* Saved data entries:
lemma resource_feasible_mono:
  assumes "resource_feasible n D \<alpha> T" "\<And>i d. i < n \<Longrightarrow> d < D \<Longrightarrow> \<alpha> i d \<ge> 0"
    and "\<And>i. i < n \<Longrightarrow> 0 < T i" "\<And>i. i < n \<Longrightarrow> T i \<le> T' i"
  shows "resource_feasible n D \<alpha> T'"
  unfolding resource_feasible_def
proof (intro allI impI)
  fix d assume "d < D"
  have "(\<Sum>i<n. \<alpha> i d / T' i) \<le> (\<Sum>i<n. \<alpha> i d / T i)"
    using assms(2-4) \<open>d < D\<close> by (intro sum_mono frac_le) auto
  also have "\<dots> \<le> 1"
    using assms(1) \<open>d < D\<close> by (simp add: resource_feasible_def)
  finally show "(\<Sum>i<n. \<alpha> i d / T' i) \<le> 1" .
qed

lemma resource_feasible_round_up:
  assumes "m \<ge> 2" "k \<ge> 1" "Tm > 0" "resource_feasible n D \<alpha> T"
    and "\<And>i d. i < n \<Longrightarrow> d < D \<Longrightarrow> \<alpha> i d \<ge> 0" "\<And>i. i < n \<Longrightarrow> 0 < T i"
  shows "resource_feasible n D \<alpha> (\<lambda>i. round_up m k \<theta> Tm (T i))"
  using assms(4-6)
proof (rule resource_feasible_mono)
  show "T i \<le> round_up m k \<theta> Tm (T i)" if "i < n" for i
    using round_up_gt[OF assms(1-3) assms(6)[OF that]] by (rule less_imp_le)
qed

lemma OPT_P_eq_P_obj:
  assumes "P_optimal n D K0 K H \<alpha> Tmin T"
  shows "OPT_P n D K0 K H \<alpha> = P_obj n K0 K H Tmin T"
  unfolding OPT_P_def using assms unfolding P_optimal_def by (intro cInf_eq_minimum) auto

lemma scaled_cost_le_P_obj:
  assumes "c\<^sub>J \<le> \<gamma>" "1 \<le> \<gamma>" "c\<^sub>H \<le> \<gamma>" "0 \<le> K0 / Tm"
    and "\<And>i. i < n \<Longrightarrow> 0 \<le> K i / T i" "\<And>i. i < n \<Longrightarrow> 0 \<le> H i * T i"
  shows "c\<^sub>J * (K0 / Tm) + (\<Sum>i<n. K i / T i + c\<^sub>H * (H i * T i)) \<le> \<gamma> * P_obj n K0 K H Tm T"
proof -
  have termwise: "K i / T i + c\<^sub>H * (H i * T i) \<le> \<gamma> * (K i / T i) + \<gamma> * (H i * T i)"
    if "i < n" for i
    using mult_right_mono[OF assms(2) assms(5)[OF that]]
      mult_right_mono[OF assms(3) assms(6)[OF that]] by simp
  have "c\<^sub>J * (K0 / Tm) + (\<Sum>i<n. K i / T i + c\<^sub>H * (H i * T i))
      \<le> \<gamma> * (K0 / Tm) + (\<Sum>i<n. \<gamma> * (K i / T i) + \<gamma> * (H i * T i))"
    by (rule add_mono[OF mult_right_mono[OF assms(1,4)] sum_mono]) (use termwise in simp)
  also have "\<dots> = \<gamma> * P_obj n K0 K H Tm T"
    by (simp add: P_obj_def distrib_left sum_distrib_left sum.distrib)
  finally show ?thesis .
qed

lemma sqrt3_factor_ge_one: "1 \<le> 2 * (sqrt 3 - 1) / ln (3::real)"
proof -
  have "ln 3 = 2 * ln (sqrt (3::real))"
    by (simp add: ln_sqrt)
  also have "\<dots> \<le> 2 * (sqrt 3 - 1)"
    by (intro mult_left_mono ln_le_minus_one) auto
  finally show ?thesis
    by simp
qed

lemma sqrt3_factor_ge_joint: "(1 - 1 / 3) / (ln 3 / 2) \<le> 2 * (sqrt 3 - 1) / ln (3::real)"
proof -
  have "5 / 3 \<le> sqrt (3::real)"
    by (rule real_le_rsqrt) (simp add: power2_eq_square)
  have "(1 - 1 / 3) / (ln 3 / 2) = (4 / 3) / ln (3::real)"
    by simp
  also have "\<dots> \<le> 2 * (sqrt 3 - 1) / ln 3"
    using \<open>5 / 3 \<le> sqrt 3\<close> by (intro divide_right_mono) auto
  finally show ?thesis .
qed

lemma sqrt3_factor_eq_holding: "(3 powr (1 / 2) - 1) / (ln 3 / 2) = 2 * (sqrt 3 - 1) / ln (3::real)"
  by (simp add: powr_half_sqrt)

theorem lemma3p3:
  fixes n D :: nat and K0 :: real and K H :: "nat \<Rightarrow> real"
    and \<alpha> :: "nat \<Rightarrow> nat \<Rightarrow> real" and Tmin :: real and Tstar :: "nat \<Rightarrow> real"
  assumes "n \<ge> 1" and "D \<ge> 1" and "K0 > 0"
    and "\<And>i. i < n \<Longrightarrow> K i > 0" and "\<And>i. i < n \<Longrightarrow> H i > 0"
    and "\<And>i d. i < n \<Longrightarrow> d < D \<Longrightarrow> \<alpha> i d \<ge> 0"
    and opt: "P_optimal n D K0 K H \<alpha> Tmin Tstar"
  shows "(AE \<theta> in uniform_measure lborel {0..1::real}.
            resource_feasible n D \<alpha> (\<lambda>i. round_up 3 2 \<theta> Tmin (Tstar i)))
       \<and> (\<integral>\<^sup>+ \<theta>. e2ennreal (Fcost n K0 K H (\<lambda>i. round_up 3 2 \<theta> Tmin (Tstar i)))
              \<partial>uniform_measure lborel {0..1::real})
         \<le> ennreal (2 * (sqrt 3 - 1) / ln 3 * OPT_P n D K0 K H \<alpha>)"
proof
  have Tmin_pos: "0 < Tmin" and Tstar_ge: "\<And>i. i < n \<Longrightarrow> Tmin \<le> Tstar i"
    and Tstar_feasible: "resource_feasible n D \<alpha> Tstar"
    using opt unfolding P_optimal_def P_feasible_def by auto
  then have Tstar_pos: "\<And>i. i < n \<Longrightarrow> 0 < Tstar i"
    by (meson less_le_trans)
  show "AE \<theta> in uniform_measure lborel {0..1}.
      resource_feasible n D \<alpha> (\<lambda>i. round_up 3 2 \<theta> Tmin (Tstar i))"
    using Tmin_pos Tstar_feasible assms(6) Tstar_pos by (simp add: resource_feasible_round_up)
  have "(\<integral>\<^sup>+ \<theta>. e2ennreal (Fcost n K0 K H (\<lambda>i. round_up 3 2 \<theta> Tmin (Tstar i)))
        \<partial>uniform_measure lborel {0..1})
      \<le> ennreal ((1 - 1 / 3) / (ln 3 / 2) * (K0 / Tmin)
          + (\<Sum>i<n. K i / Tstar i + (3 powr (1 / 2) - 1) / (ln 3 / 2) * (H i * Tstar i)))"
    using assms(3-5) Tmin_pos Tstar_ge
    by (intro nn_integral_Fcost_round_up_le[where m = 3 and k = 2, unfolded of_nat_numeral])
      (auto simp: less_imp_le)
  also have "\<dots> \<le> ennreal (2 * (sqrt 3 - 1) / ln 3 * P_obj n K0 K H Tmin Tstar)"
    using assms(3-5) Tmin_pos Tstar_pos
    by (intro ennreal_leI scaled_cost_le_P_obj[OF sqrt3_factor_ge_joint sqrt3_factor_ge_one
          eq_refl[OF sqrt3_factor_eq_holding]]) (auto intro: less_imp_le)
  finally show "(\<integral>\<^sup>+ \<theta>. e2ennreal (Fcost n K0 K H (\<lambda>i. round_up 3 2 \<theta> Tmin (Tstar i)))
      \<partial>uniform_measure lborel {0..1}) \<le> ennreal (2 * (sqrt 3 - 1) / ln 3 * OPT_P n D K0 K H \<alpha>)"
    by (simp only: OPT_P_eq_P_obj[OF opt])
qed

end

* ACTIVITY:
Please output the records shown above, with every character intact.

* ANSWER BOX:
lemma resource_feasible_mono:
  assumes "resource_feasible n D \<alpha> T" "\<And>i d. i < n \<Longrightarrow> d < D \<Longrightarrow> \<alpha> i d \<ge> 0"
    and "\<And>i. i < n \<Longrightarrow> 0 < T i" "\<And>i. i < n \<Longrightarrow> T i \<le> T' i"
  shows "resource_feasible n D \<alpha> T'"
  unfolding resource_feasible_def
proof (intro allI impI)
  fix d assume "d < D"
  have "(\<Sum>i<n. \<alpha> i d / T' i) \<le> (\<Sum>i<n. \<alpha> i d / T i)"
    using assms(2-4) \<open>d < D\<close> by (intro sum_mono frac_le) auto
  also have "\<dots> \<le> 1"
    using assms(1) \<open>d < D\<close> by (simp add: resource_feasible_def)
  finally show "(\<Sum>i<n. \<alpha> i d / T' i) \<le> 1" .
qed

lemma resource_feasible_round_up:
  assumes "m \<ge> 2" "k \<ge> 1" "Tm > 0" "resource_feasible n D \<alpha> T"
    and "\<And>i d. i < n \<Longrightarrow> d < D \<Longrightarrow> \<alpha> i d \<ge> 0" "\<And>i. i < n \<Longrightarrow> 0 < T i"
  shows "resource_feasible n D \<alpha> (\<lambda>i. round_up m k \<theta> Tm (T i))"
  using assms(4-6)
proof (rule resource_feasible_mono)
  show "T i \<le> round_up m k \<theta> Tm (T i)" if "i < n" for i
    using round_up_gt[OF assms(1-3) assms(6)[OF that]] by (rule less_imp_le)
qed

lemma OPT_P_eq_P_obj:
  assumes "P_optimal n D K0 K H \<alpha> Tmin T"
  shows "OPT_P n D K0 K H \<alpha> = P_obj n K0 K H Tmin T"
  unfolding OPT_P_def using assms unfolding P_optimal_def by (intro cInf_eq_minimum) auto

lemma scaled_cost_le_P_obj:
  assumes "c\<^sub>J \<le> \<gamma>" "1 \<le> \<gamma>" "c\<^sub>H \<le> \<gamma>" "0 \<le> K0 / Tm"
    and "\<And>i. i < n \<Longrightarrow> 0 \<le> K i / T i" "\<And>i. i < n \<Longrightarrow> 0 \<le> H i * T i"
  shows "c\<^sub>J * (K0 / Tm) + (\<Sum>i<n. K i / T i + c\<^sub>H * (H i * T i)) \<le> \<gamma> * P_obj n K0 K H Tm T"
proof -
  have termwise: "K i / T i + c\<^sub>H * (H i * T i) \<le> \<gamma> * (K i / T i) + \<gamma> * (H i * T i)"
    if "i < n" for i
    using mult_right_mono[OF assms(2) assms(5)[OF that]]
      mult_right_mono[OF assms(3) assms(6)[OF that]] by simp
  have "c\<^sub>J * (K0 / Tm) + (\<Sum>i<n. K i / T i + c\<^sub>H * (H i * T i))
      \<le> \<gamma> * (K0 / Tm) + (\<Sum>i<n. \<gamma> * (K i / T i) + \<gamma> * (H i * T i))"
    by (rule add_mono[OF mult_right_mono[OF assms(1,4)] sum_mono]) (use termwise in simp)
  also have "\<dots> = \<gamma> * P_obj n K0 K H Tm T"
    by (simp add: P_obj_def distrib_left sum_distrib_left sum.distrib)
  finally show ?thesis .
qed

lemma sqrt3_factor_ge_one: "1 \<le> 2 * (sqrt 3 - 1) / ln (3::real)"
proof -
  have "ln 3 = 2 * ln (sqrt (3::real))"
    by (simp add: ln_sqrt)
  also have "\<dots> \<le> 2 * (sqrt 3 - 1)"
    by (intro mult_left_mono ln_le_minus_one) auto
  finally show ?thesis
    by simp
qed

lemma sqrt3_factor_ge_joint: "(1 - 1 / 3) / (ln 3 / 2) \<le> 2 * (sqrt 3 - 1) / ln (3::real)"
proof -
  have "5 / 3 \<le> sqrt (3::real)"
    by (rule real_le_rsqrt) (simp add: power2_eq_square)
  have "(1 - 1 / 3) / (ln 3 / 2) = (4 / 3) / ln (3::real)"
    by simp
  also have "\<dots> \<le> 2 * (sqrt 3 - 1) / ln 3"
    using \<open>5 / 3 \<le> sqrt 3\<close> by (intro divide_right_mono) auto
  finally show ?thesis .
qed

lemma sqrt3_factor_eq_holding: "(3 powr (1 / 2) - 1) / (ln 3 / 2) = 2 * (sqrt 3 - 1) / ln (3::real)"
  by (simp add: powr_half_sqrt)

theorem lemma3p3:
  fixes n D :: nat and K0 :: real and K H :: "nat \<Rightarrow> real"
    and \<alpha> :: "nat \<Rightarrow> nat \<Rightarrow> real" and Tmin :: real and Tstar :: "nat \<Rightarrow> real"
  assumes "n \<ge> 1" and "D \<ge> 1" and "K0 > 0"
    and "\<And>i. i < n \<Longrightarrow> K i > 0" and "\<And>i. i < n \<Longrightarrow> H i > 0"
    and "\<And>i d. i < n \<Longrightarrow> d < D \<Longrightarrow> \<alpha> i d \<ge> 0"
    and opt: "P_optimal n D K0 K H \<alpha> Tmin Tstar"
  shows "(AE \<theta> in uniform_measure lborel {0..1::real}.
            resource_feasible n D \<alpha> (\<lambda>i. round_up 3 2 \<theta> Tmin (Tstar i)))
       \<and> (\<integral>\<^sup>+ \<theta>. e2ennreal (Fcost n K0 K H (\<lambda>i. round_up 3 2 \<theta> Tmin (Tstar i)))
              \<partial>uniform_measure lborel {0..1::real})
         \<le> ennreal (2 * (sqrt 3 - 1) / ln 3 * OPT_P n D K0 K H \<alpha>)"
proof
  have Tmin_pos: "0 < Tmin" and Tstar_ge: "\<And>i. i < n \<Longrightarrow> Tmin \<le> Tstar i"
    and Tstar_feasible: "resource_feasible n D \<alpha> Tstar"
    using opt unfolding P_optimal_def P_feasible_def by auto
  then have Tstar_pos: "\<And>i. i < n \<Longrightarrow> 0 < Tstar i"
    by (meson less_le_trans)
  show "AE \<theta> in uniform_measure lborel {0..1}.
      resource_feasible n D \<alpha> (\<lambda>i. round_up 3 2 \<theta> Tmin (Tstar i))"
    using Tmin_pos Tstar_feasible assms(6) Tstar_pos by (simp add: resource_feasible_round_up)
  have "(\<integral>\<^sup>+ \<theta>. e2ennreal (Fcost n K0 K H (\<lambda>i. round_up 3 2 \<theta> Tmin (Tstar i)))
        \<partial>uniform_measure lborel {0..1})
      \<le> ennreal ((1 - 1 / 3) / (ln 3 / 2) * (K0 / Tmin)
          + (\<Sum>i<n. K i / Tstar i + (3 powr (1 / 2) - 1) / (ln 3 / 2) * (H i * Tstar i)))"
    using assms(3-5) Tmin_pos Tstar_ge
    by (intro nn_integral_Fcost_round_up_le[where m = 3 and k = 2, unfolded of_nat_numeral])
      (auto simp: less_imp_le)
  also have "\<dots> \<le> ennreal (2 * (sqrt 3 - 1) / ln 3 * P_obj n K0 K H Tmin Tstar)"
    using assms(3-5) Tmin_pos Tstar_pos
    by (intro ennreal_leI scaled_cost_le_P_obj[OF sqrt3_factor_ge_joint sqrt3_factor_ge_one
          eq_refl[OF sqrt3_factor_eq_holding]]) (auto intro: less_imp_le)
  finally show "(\<integral>\<^sup>+ \<theta>. e2ennreal (Fcost n K0 K H (\<lambda>i. round_up 3 2 \<theta> Tmin (Tstar i)))
      \<partial>uniform_measure lborel {0..1}) \<le> ennreal (2 * (sqrt 3 - 1) / ln 3 * OPT_P n D K0 K H \<alpha>)"
    by (simp only: OPT_P_eq_P_obj[OF opt])
qed

end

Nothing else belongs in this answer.